* [Extracted data]:
------------------------------------------------------------------------
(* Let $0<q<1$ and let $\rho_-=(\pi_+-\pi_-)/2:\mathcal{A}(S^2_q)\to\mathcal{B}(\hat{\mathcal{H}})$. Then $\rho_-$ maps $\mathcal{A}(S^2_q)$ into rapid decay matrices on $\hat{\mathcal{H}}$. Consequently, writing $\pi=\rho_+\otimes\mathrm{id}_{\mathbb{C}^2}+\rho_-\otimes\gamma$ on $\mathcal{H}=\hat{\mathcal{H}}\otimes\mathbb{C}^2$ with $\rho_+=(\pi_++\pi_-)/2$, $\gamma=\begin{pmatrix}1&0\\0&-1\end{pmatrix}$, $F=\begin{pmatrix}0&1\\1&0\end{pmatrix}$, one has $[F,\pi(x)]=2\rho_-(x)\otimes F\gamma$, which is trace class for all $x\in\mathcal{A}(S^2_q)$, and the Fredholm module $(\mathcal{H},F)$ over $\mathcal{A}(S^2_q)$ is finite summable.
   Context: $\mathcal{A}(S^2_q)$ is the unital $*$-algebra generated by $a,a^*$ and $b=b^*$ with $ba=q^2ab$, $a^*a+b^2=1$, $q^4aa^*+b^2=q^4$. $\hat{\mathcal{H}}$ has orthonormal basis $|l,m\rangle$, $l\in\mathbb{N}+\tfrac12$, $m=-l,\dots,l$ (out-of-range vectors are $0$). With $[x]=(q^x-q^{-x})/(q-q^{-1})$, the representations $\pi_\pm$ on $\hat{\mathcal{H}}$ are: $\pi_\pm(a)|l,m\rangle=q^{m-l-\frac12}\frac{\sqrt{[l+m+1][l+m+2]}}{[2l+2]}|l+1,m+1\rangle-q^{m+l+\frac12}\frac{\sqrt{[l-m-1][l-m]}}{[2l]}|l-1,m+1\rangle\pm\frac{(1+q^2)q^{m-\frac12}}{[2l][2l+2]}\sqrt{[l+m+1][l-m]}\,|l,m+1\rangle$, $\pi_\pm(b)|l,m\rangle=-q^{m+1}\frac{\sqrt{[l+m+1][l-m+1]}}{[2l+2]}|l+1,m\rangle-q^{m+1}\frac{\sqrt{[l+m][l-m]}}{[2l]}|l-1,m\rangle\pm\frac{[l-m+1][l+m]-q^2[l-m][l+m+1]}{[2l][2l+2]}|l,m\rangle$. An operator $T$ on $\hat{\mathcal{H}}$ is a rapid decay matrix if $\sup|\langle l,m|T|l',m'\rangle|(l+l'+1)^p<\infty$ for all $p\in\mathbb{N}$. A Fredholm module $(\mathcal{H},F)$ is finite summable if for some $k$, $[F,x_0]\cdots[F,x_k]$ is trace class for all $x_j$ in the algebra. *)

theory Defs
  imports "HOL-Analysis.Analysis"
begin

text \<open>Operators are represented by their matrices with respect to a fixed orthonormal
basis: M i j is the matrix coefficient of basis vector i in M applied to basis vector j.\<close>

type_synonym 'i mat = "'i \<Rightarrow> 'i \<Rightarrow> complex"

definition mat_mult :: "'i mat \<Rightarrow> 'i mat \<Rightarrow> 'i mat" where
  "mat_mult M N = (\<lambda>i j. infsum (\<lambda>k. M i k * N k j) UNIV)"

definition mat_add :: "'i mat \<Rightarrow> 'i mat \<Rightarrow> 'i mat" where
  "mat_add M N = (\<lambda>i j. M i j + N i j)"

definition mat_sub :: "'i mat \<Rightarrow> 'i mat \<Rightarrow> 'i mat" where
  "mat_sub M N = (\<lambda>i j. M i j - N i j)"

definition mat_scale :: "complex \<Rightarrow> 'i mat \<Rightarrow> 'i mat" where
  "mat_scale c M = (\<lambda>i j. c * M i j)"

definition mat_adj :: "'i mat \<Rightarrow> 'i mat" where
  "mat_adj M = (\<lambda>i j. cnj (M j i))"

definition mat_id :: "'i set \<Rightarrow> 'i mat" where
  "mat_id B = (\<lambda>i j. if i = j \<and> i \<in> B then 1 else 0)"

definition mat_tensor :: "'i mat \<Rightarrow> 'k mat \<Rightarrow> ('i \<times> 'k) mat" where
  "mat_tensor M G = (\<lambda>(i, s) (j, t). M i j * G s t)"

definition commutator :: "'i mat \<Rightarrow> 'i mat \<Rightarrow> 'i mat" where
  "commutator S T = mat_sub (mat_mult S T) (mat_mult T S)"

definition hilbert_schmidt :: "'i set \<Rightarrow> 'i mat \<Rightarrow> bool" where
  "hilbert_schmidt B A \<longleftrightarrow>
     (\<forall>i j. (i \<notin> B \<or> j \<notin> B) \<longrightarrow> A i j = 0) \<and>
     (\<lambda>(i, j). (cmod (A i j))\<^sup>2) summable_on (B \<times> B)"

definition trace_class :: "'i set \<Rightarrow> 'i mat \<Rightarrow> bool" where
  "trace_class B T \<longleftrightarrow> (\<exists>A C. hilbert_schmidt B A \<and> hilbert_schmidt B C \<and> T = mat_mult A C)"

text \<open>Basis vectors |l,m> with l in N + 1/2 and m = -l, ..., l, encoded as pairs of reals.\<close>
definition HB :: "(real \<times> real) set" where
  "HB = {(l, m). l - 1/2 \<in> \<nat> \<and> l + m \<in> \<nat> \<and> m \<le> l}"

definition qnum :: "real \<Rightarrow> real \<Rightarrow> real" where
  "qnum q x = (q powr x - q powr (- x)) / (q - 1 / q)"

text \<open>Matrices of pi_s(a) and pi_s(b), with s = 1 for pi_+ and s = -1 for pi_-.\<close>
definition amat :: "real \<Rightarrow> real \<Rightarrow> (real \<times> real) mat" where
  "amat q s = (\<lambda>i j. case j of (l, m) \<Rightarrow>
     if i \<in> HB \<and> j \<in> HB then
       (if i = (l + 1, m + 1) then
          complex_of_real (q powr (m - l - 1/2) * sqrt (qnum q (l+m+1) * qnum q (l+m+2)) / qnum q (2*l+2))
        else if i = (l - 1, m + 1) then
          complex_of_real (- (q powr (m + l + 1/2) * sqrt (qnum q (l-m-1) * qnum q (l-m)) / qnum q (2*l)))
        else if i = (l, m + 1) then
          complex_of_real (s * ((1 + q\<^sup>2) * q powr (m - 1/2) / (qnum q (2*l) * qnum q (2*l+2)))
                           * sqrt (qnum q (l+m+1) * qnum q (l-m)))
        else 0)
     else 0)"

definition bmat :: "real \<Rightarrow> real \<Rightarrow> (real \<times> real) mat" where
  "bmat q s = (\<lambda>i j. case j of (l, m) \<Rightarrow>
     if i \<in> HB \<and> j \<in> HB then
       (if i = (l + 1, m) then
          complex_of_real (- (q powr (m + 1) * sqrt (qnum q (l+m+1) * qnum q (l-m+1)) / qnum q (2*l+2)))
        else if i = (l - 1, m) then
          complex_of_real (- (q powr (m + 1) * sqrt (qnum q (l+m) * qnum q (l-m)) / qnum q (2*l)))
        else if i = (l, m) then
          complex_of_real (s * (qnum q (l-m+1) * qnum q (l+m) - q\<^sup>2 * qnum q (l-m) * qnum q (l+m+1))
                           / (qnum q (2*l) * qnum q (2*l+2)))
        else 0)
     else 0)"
------------------------------------------------------------------------
* [Requirement]:
Exact copies of every record above are required.

* [Solution for this exercise]:
(* Let $0<q<1$ and let $\rho_-=(\pi_+-\pi_-)/2:\mathcal{A}(S^2_q)\to\mathcal{B}(\hat{\mathcal{H}})$. Then $\rho_-$ maps $\mathcal{A}(S^2_q)$ into rapid decay matrices on $\hat{\mathcal{H}}$. Consequently, writing $\pi=\rho_+\otimes\mathrm{id}_{\mathbb{C}^2}+\rho_-\otimes\gamma$ on $\mathcal{H}=\hat{\mathcal{H}}\otimes\mathbb{C}^2$ with $\rho_+=(\pi_++\pi_-)/2$, $\gamma=\begin{pmatrix}1&0\\0&-1\end{pmatrix}$, $F=\begin{pmatrix}0&1\\1&0\end{pmatrix}$, one has $[F,\pi(x)]=2\rho_-(x)\otimes F\gamma$, which is trace class for all $x\in\mathcal{A}(S^2_q)$, and the Fredholm module $(\mathcal{H},F)$ over $\mathcal{A}(S^2_q)$ is finite summable.
   Context: $\mathcal{A}(S^2_q)$ is the unital $*$-algebra generated by $a,a^*$ and $b=b^*$ with $ba=q^2ab$, $a^*a+b^2=1$, $q^4aa^*+b^2=q^4$. $\hat{\mathcal{H}}$ has orthonormal basis $|l,m\rangle$, $l\in\mathbb{N}+\tfrac12$, $m=-l,\dots,l$ (out-of-range vectors are $0$). With $[x]=(q^x-q^{-x})/(q-q^{-1})$, the representations $\pi_\pm$ on $\hat{\mathcal{H}}$ are: $\pi_\pm(a)|l,m\rangle=q^{m-l-\frac12}\frac{\sqrt{[l+m+1][l+m+2]}}{[2l+2]}|l+1,m+1\rangle-q^{m+l+\frac12}\frac{\sqrt{[l-m-1][l-m]}}{[2l]}|l-1,m+1\rangle\pm\frac{(1+q^2)q^{m-\frac12}}{[2l][2l+2]}\sqrt{[l+m+1][l-m]}\,|l,m+1\rangle$, $\pi_\pm(b)|l,m\rangle=-q^{m+1}\frac{\sqrt{[l+m+1][l-m+1]}}{[2l+2]}|l+1,m\rangle-q^{m+1}\frac{\sqrt{[l+m][l-m]}}{[2l]}|l-1,m\rangle\pm\frac{[l-m+1][l+m]-q^2[l-m][l+m+1]}{[2l][2l+2]}|l,m\rangle$. An operator $T$ on $\hat{\mathcal{H}}$ is a rapid decay matrix if $\sup|\langle l,m|T|l',m'\rangle|(l+l'+1)^p<\infty$ for all $p\in\mathbb{N}$. A Fredholm module $(\mathcal{H},F)$ is finite summable if for some $k$, $[F,x_0]\cdots[F,x_k]$ is trace class for all $x_j$ in the algebra. *)

theory Defs
  imports "HOL-Analysis.Analysis"
begin

text \<open>Operators are represented by their matrices with respect to a fixed orthonormal
basis: M i j is the matrix coefficient of basis vector i in M applied to basis vector j.\<close>

type_synonym 'i mat = "'i \<Rightarrow> 'i \<Rightarrow> complex"

definition mat_mult :: "'i mat \<Rightarrow> 'i mat \<Rightarrow> 'i mat" where
  "mat_mult M N = (\<lambda>i j. infsum (\<lambda>k. M i k * N k j) UNIV)"

definition mat_add :: "'i mat \<Rightarrow> 'i mat \<Rightarrow> 'i mat" where
  "mat_add M N = (\<lambda>i j. M i j + N i j)"

definition mat_sub :: "'i mat \<Rightarrow> 'i mat \<Rightarrow> 'i mat" where
  "mat_sub M N = (\<lambda>i j. M i j - N i j)"

definition mat_scale :: "complex \<Rightarrow> 'i mat \<Rightarrow> 'i mat" where
  "mat_scale c M = (\<lambda>i j. c * M i j)"

definition mat_adj :: "'i mat \<Rightarrow> 'i mat" where
  "mat_adj M = (\<lambda>i j. cnj (M j i))"

definition mat_id :: "'i set \<Rightarrow> 'i mat" where
  "mat_id B = (\<lambda>i j. if i = j \<and> i \<in> B then 1 else 0)"

definition mat_tensor :: "'i mat \<Rightarrow> 'k mat \<Rightarrow> ('i \<times> 'k) mat" where
  "mat_tensor M G = (\<lambda>(i, s) (j, t). M i j * G s t)"

definition commutator :: "'i mat \<Rightarrow> 'i mat \<Rightarrow> 'i mat" where
  "commutator S T = mat_sub (mat_mult S T) (mat_mult T S)"

definition hilbert_schmidt :: "'i set \<Rightarrow> 'i mat \<Rightarrow> bool" where
  "hilbert_schmidt B A \<longleftrightarrow>
     (\<forall>i j. (i \<notin> B \<or> j \<notin> B) \<longrightarrow> A i j = 0) \<and>
     (\<lambda>(i, j). (cmod (A i j))\<^sup>2) summable_on (B \<times> B)"

definition trace_class :: "'i set \<Rightarrow> 'i mat \<Rightarrow> bool" where
  "trace_class B T \<longleftrightarrow> (\<exists>A C. hilbert_schmidt B A \<and> hilbert_schmidt B C \<and> T = mat_mult A C)"

text \<open>Basis vectors |l,m> with l in N + 1/2 and m = -l, ..., l, encoded as pairs of reals.\<close>
definition HB :: "(real \<times> real) set" where
  "HB = {(l, m). l - 1/2 \<in> \<nat> \<and> l + m \<in> \<nat> \<and> m \<le> l}"

definition qnum :: "real \<Rightarrow> real \<Rightarrow> real" where
  "qnum q x = (q powr x - q powr (- x)) / (q - 1 / q)"

text \<open>Matrices of pi_s(a) and pi_s(b), with s = 1 for pi_+ and s = -1 for pi_-.\<close>
definition amat :: "real \<Rightarrow> real \<Rightarrow> (real \<times> real) mat" where
  "amat q s = (\<lambda>i j. case j of (l, m) \<Rightarrow>
     if i \<in> HB \<and> j \<in> HB then
       (if i = (l + 1, m + 1) then
          complex_of_real (q powr (m - l - 1/2) * sqrt (qnum q (l+m+1) * qnum q (l+m+2)) / qnum q (2*l+2))
        else if i = (l - 1, m + 1) then
          complex_of_real (- (q powr (m + l + 1/2) * sqrt (qnum q (l-m-1) * qnum q (l-m)) / qnum q (2*l)))
        else if i = (l, m + 1) then
          complex_of_real (s * ((1 + q\<^sup>2) * q powr (m - 1/2) / (qnum q (2*l) * qnum q (2*l+2)))
                           * sqrt (qnum q (l+m+1) * qnum q (l-m)))
        else 0)
     else 0)"

definition bmat :: "real \<Rightarrow> real \<Rightarrow> (real \<times> real) mat" where
  "bmat q s = (\<lambda>i j. case j of (l, m) \<Rightarrow>
     if i \<in> HB \<and> j \<in> HB then
       (if i = (l + 1, m) then
          complex_of_real (- (q powr (m + 1) * sqrt (qnum q (l+m+1) * qnum q (l-m+1)) / qnum q (2*l+2)))
        else if i = (l - 1, m) then
          complex_of_real (- (q powr (m + 1) * sqrt (qnum q (l+m) * qnum q (l-m)) / qnum q (2*l)))
        else if i = (l, m) then
          complex_of_real (s * (qnum q (l-m+1) * qnum q (l+m) - q\<^sup>2 * qnum q (l-m) * qnum q (l+m+1))
                           / (qnum q (2*l) * qnum q (2*l+2)))
        else 0)
     else 0)"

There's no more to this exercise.